> **Problem description**
From the data below, copy exactly the lines that lie between the one holding "(simp_all add: field_simps)" and the one holding "proof (rule filterlim_at_top_mono[OF", including both, and nothing more.

> **Provided material**
lemma ln_negatives_over_ln: "((\<lambda>p. ln (real (negatives p)) / ln (real p)) \<longlongrightarrow> 0) at_top"
proof -
  have "((\<lambda>p. ln (real (negatives p) / ln (real p)) * inverse (ln (real p)) + ln (ln (real p)) / ln (real p))
         \<longlongrightarrow> ln (\<Psi> * \<nu> * exp (- \<nu>) * \<gamma>) * 0 + 0) at_top"
  proof (intro tendsto_intros negatives_over_ln)
    show "\<Psi> * \<nu> * exp (- \<nu>) * \<gamma> \<noteq> 0" using \<Psi>_pos \<nu>_pos \<gamma>_pos by simp
    show "((\<lambda>p::nat. inverse (ln (real p))) \<longlongrightarrow> 0) at_top" by real_asymp
    show "((\<lambda>p::nat. ln (ln (real p)) / ln (real p)) \<longlongrightarrow> 0) at_top" by real_asymp
  qed
  hence "((\<lambda>p. ln (real (negatives p) / ln (real p)) * inverse (ln (real p)) + ln (ln (real p)) / ln (real p))
         \<longlongrightarrow> 0) at_top" by simp
  moreover have "\<forall>\<^sub>F p in at_top.
      ln (real (negatives p) / ln (real p)) * inverse (ln (real p)) + ln (ln (real p)) / ln (real p) =
      ln (real (negatives p)) / ln (real p)"
    using eventually_k_ln_pos eventually_negatives_pos
  proof eventually_elim
    case (elim p)
    hence ln_ratio: "ln (real (negatives p) / ln (real p)) = ln (real (negatives p)) - ln (ln (real p))"
      by (intro ln_divide_pos) simp_all
    show ?case unfolding ln_ratio by (simp add: divide_inverse left_diff_distrib)
  qed
  ultimately show ?thesis by (rule Lim_transform_eventually)
qed

definition exponent :: "nat \<Rightarrow> real" where
  "exponent p = ln (real (k p))
     + real (negatives p) * (ln ((real (tests p) - real (negatives p)) * iso p * \<rho> / real (negatives p)) + 1)
     - 1 - ln (real (negatives p)) - real (tests p) * (iso p + 2 * (iso p)\<^sup>2)"

lemma exponent_over_ln:
  "((\<lambda>p. exponent p / ln (real p)) \<longlongrightarrow>
     \<theta> + \<Psi> * \<nu> * exp (- \<nu>) * \<gamma> * (ln (\<rho> / \<Psi>) + 1) - \<gamma> * (\<nu> * exp (- \<nu>))) at_top"
proof -
  have "((\<lambda>p. ln (real (k p)) / ln (real p)
              + real (negatives p) / ln (real p) *
                (ln ((real (tests p) - real (negatives p)) * iso p * \<rho> / real (negatives p)) + 1)
              - inverse (ln (real p)) - ln (real (negatives p)) / ln (real p)
              - real (tests p) * iso p / ln (real p) * (1 + 2 * iso p))
        \<longlongrightarrow> \<theta> + \<Psi> * \<nu> * exp (- \<nu>) * \<gamma> * (ln (\<rho> / \<Psi>) + 1) - 0 - 0
              - \<gamma> * (\<nu> * exp (- \<nu>)) * (1 + 2 * 0)) at_top"
  proof (intro ln_k_over_ln negatives_over_ln ln_negatives_over_ln tests_iso_over_ln iso_tendsto_0
               tendsto_ln[OF binomial_ratio_limit] tendsto_intros)
    show "\<rho> / \<Psi> \<noteq> 0" using \<rho>_pos \<Psi>_pos by simp
    show "((\<lambda>p::nat. inverse (ln (real p))) \<longlongrightarrow> 0) at_top" by real_asymp
  qed
  moreover have "\<forall>\<^sub>F p in at_top.
      ln (real (k p)) / ln (real p)
        + real (negatives p) / ln (real p) *
          (ln ((real (tests p) - real (negatives p)) * iso p * \<rho> / real (negatives p)) + 1)
        - inverse (ln (real p)) - ln (real (negatives p)) / ln (real p)
        - real (tests p) * iso p / ln (real p) * (1 + 2 * iso p) = exponent p / ln (real p)"
    using eventually_k_ln_pos
    by eventually_elim (simp add: exponent_def add_divide_distrib diff_divide_distrib divide_inverse
                                  power2_eq_square algebra_simps)
  ultimately show ?thesis by (simp add: Lim_transform_eventually)
qed

lemma exponent_rate_pos: "0 < \<theta> + \<Psi> * \<nu> * exp (- \<nu>) * \<gamma> * (ln (\<rho> / \<Psi>) + 1) - \<gamma> * (\<nu> * exp (- \<nu>))"
proof -
  have "ln (\<rho> / \<Psi>) = - ln (\<Psi> / \<rho>)" using \<rho>_pos \<Psi>_pos by (simp add: ln_divide_pos)
  hence "\<theta> + \<Psi> * \<nu> * exp (- \<nu>) * \<gamma> * (ln (\<rho> / \<Psi>) + 1) - \<gamma> * (\<nu> * exp (- \<nu>)) =
         \<theta> - exp (- \<nu>) * \<nu> * \<gamma> * (Dfun \<rho> \<Psi> + 1 - \<rho>)"
    unfolding Dfun_def by (simp add: algebra_simps)
  thus ?thesis using threshold by simp
qed

lemma exponent_at_top: "filterlim exponent at_top at_top"
proof (rule filterlim_at_top_mono)
  show "filterlim (\<lambda>p. exponent p / ln (real p) * ln (real p)) at_top at_top"
    by (rule filterlim_tendsto_pos_mult_at_top[OF exponent_over_ln exponent_rate_pos]) real_asymp
  show "\<forall>\<^sub>F p in at_top. exponent p / ln (real p) * ln (real p) \<le> exponent p"
    using eventually_k_ln_pos by eventually_elim simp
qed

lemma eventually_admissible:
  "\<forall>\<^sub>F p in at_top. 0 < k p \<and> k p \<le> p \<and> \<nu> / real (k p) \<le> 1 \<and> 0 < iso p \<and> iso p \<le> 1/2 \<and>
                     1 \<le> negatives p \<and> 2 * negatives p < tests p"
proof -
  have "filterlim (\<lambda>p. real (tests p) * iso p / ln (real p) * ln (real p)) at_top at_top"
    using \<nu>_pos \<gamma>_pos by (intro filterlim_tendsto_pos_mult_at_top[OF tests_iso_over_ln]) (simp, real_asymp)
  hence "\<forall>\<^sub>F p in at_top. 1 < real (tests p) * iso p / ln (real p) * ln (real p)"
    by (simp add: filterlim_at_top_dense)
  moreover have "\<forall>\<^sub>F p in at_top. real (negatives p) * iso p < 1/2"
    by (rule order_tendstoD(2)[OF negatives_iso]) simp
  moreover have "\<forall>\<^sub>F p in at_top. iso p < 1/2"
    by (rule order_tendstoD(2)[OF iso_tendsto_0]) simp
  moreover have "\<forall>\<^sub>F p in at_top. \<nu> < real (k p)"
    using k_at_top by (simp add: filterlim_at_top_dense)
  ultimately show ?thesis using eventually_k_bounds eventually_k_ln_pos eventually_negatives_pos
  proof eventually_elim
    case (elim p)
    have q: "0 < \<nu> / real (k p)" "\<nu> / real (k p) < 1" using elim \<nu>_pos by (simp_all add: field_simps)
    hence iso_pos: "0 < iso p" unfolding iso_def isolation_prob_def by (intro mult_pos_pos zero_less_power) simp_all
    \<comment> \<open>\<open>n r \<rightarrow> \<infinity>\<close> while \<open>m r \<rightarrow> 0\<close>\<close>
    have "real (2 * negatives p) * iso p < real (tests p) * iso p" using elim by simp
    hence "2 * negatives p < tests p" using iso_pos by (simp only: mult_less_cancel_right) simp
    thus ?case using elim q iso_pos by auto
  qed
qed

lemma k_pattern_prob_at_top:
  "filterlim (\<lambda>p. real (k p) * pattern_prob (tests p) (negatives p) (iso p) \<rho>) at_top at_top"
proof (rule filterlim_at_top_mono[OF filterlim_compose[OF exp_at_top exponent_at_top]])
  show "\<forall>\<^sub>F p in at_top. exp (exponent p) \<le> real (k p) * pattern_prob (tests p) (negatives p) (iso p) \<rho>"
    using eventually_admissible
  proof eventually_elim
    case (elim p)
    have "exp (exponent p) = real (k p) *
            exp (real (negatives p) * (ln ((real (tests p) - real (negatives p)) * iso p * \<rho> / real (negatives p)) + 1)
                 - 1 - ln (real (negatives p)) - real (tests p) * (iso p + 2 * (iso p)\<^sup>2))"
      using elim by (simp add: exponent_def exp_add exp_diff)
    also have "\<dots> \<le> real (k p) * pattern_prob (tests p) (negatives p) (iso p) \<rho>"
      using elim \<rho>_pos by (intro mult_left_mono pattern_prob_ge_exp) simp_all
    finally show ?case .
  qed
qed

lemma inverse_one_minus_iso_pow_tendsto_1: "((\<lambda>p. 1 / (1 - iso p) ^ (2 * negatives p)) \<longlongrightarrow> 1) at_top"
proof -
  have "((\<lambda>p. (1 - iso p) ^ (2 * negatives p)) \<longlongrightarrow> 1) at_top"
  proof (rule tendsto_one_minus_pow)
    show "\<forall>\<^sub>F p in at_top. 0 \<le> iso p \<and> iso p \<le> 1" using eventually_admissible by eventually_elim simp
    show "((\<lambda>p. real (2 * negatives p) * iso p) \<longlongrightarrow> 0) at_top"
      using tendsto_mult[OF tendsto_const[of 2] negatives_iso] by (simp add: mult.assoc)
  qed
  thus ?thesis using tendsto_divide[OF tendsto_const[of 1]] by fastforce
qed

lemma success_prob_tendsto_1:
  "((\<lambda>p. measure_pmf.prob (gt_pmf p (k p) (tests p) \<nu> \<rho>)
          {(S, X, Y). \<exists>i\<in>S. Mplus (tests p) S X Y i = 0 \<and>
                       \<Psi> * \<nu> * exp (- \<nu>) * \<gamma> * ln (real p) \<le> real (Mminus (tests p) S X Y i)})
    \<longlongrightarrow> 1) at_top"
proof (rule tendsto_sandwich)
  let ?P = "\<lambda>p. pattern_prob (tests p) (negatives p) (iso p) \<rho>"
  show "\<forall>\<^sub>F p in at_top. 2 - 1 / (real (k p) * ?P p) - 1 / (1 - iso p) ^ (2 * negatives p) \<le>
          measure_pmf.prob (gt_pmf p (k p) (tests p) \<nu> \<rho>)
            {(S, X, Y). \<exists>i\<in>S. Mplus (tests p) S X Y i = 0 \<and>
                         \<Psi> * \<nu> * exp (- \<nu>) * \<gamma> * ln (real p) \<le> real (Mminus (tests p) S X Y i)}"
    using eventually_admissible
  proof eventually_elim
    case (elim p)
    have P_pos: "?P p > 0"
      using elim \<rho>_pos unfolding pattern_prob_def by (intro mult_pos_pos zero_less_power) simp_all
    show ?case
    proof (rule measure_gt_pmf_ge)
      show "\<Psi> * \<nu> * exp (- \<nu>) * \<gamma> * ln (real p) \<le> real (negatives p)"
        unfolding negatives_def by (rule real_nat_ceiling_ge)
      fix S assume S: "S \<subseteq> {1..p}" "card S = k p"
      hence "S \<noteq> {}" using elim by auto
      thus "2 - 1 / (real (k p) * ?P p) - 1 / (1 - iso p) ^ (2 * negatives p) \<le>
            measure_pmf.prob (test_pmf p (tests p) S (\<nu> / real (k p)) \<rho>)
              {(X, Y). \<exists>i\<in>S. Mplus (tests p) S X Y i = 0 \<and> Mminus (tests p) S X Y i = negatives p}"
        using measure_test_pmf_isolated_negatives_ge[OF S(1)] elim S P_pos \<rho>_pos \<rho>_le_1 \<nu>_pos
        by (simp add: iso_def)
    qed (use elim in simp)
  qed
  show "\<forall>\<^sub>F p in at_top. measure_pmf.prob (gt_pmf p (k p) (tests p) \<nu> \<rho>)
            {(S, X, Y). \<exists>i\<in>S. Mplus (tests p) S X Y i = 0 \<and>
                         \<Psi> * \<nu> * exp (- \<nu>) * \<gamma> * ln (real p) \<le> real (Mminus (tests p) S X Y i)} \<le> 1"
    by simp
  have "((\<lambda>p. 2 - inverse (real (k p) * ?P p) - 1 / (1 - iso p) ^ (2 * negatives p)) \<longlongrightarrow> 2 - 0 - 1) at_top"
    by (intro tendsto_diff tendsto_const tendsto_inverse_0_at_top k_pattern_prob_at_top inverse_one_minus_iso_pow_tendsto_1)
  thus "((\<lambda>p. 2 - 1 / (real (k p) * ?P p) - 1 / (1 - iso p) ^ (2 * negatives p)) \<longlongrightarrow> 1) at_top"
    by (simp add: divide_inverse)
qed simp

end

theorem lemma4:
  fixes \<theta> \<nu> \<rho> \<Psi> \<gamma> :: real and k :: "nat \<Rightarrow> nat"
  assumes "0 < \<theta>" "\<theta> < 1" "0 < \<nu>" "0 < \<rho>" "\<rho> < 1" "\<rho> \<le> \<Psi>" "\<Psi> < 1" "0 < \<gamma>"
    and "(\<lambda>p. real (k p)) \<in> \<Theta>(\<lambda>p. real p powr \<theta>)"
    and "\<theta> > exp (- \<nu>) * \<nu> * \<gamma> * (Dfun \<rho> \<Psi> + 1 - \<rho>)"
  shows "((\<lambda>p. let n = nat \<lceil>\<gamma> * real (k p) * ln (real p)\<rceil>;
                   d = \<Psi> * \<nu> * exp (- \<nu>) * \<gamma> * ln (real p)
               in measure_pmf.prob (gt_pmf p (k p) n \<nu> \<rho>)
                    {(S, X, Y). \<exists>i\<in>S. Mplus n S X Y i = 0 \<and> real (Mminus n S X Y i) \<ge> d})
          \<longlongrightarrow> 1) at_top"
proof -
  interpret sparse_regime \<theta> \<nu> \<rho> \<Psi> \<gamma> k
    using assms by unfold_locales simp_all
  show ?thesis using success_prob_tendsto_1 unfolding tests_def Let_def .
qed

end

> **Answer space**
    have q: "0 < \<nu> / real (k p)" "\<nu> / real (k p) < 1" using elim \<nu>_pos by (simp_all add: field_simps)
    hence iso_pos: "0 < iso p" unfolding iso_def isolation_prob_def by (intro mult_pos_pos zero_less_power) simp_all
    \<comment> \<open>\<open>n r \<rightarrow> \<infinity>\<close> while \<open>m r \<rightarrow> 0\<close>\<close>
    have "real (2 * negatives p) * iso p < real (tests p) * iso p" using elim by simp
    hence "2 * negatives p < tests p" using iso_pos by (simp only: mult_less_cancel_right) simp
    thus ?case using elim q iso_pos by auto
  qed
qed

lemma k_pattern_prob_at_top:
  "filterlim (\<lambda>p. real (k p) * pattern_prob (tests p) (negatives p) (iso p) \<rho>) at_top at_top"
proof (rule filterlim_at_top_mono[OF filterlim_compose[OF exp_at_top exponent_at_top]])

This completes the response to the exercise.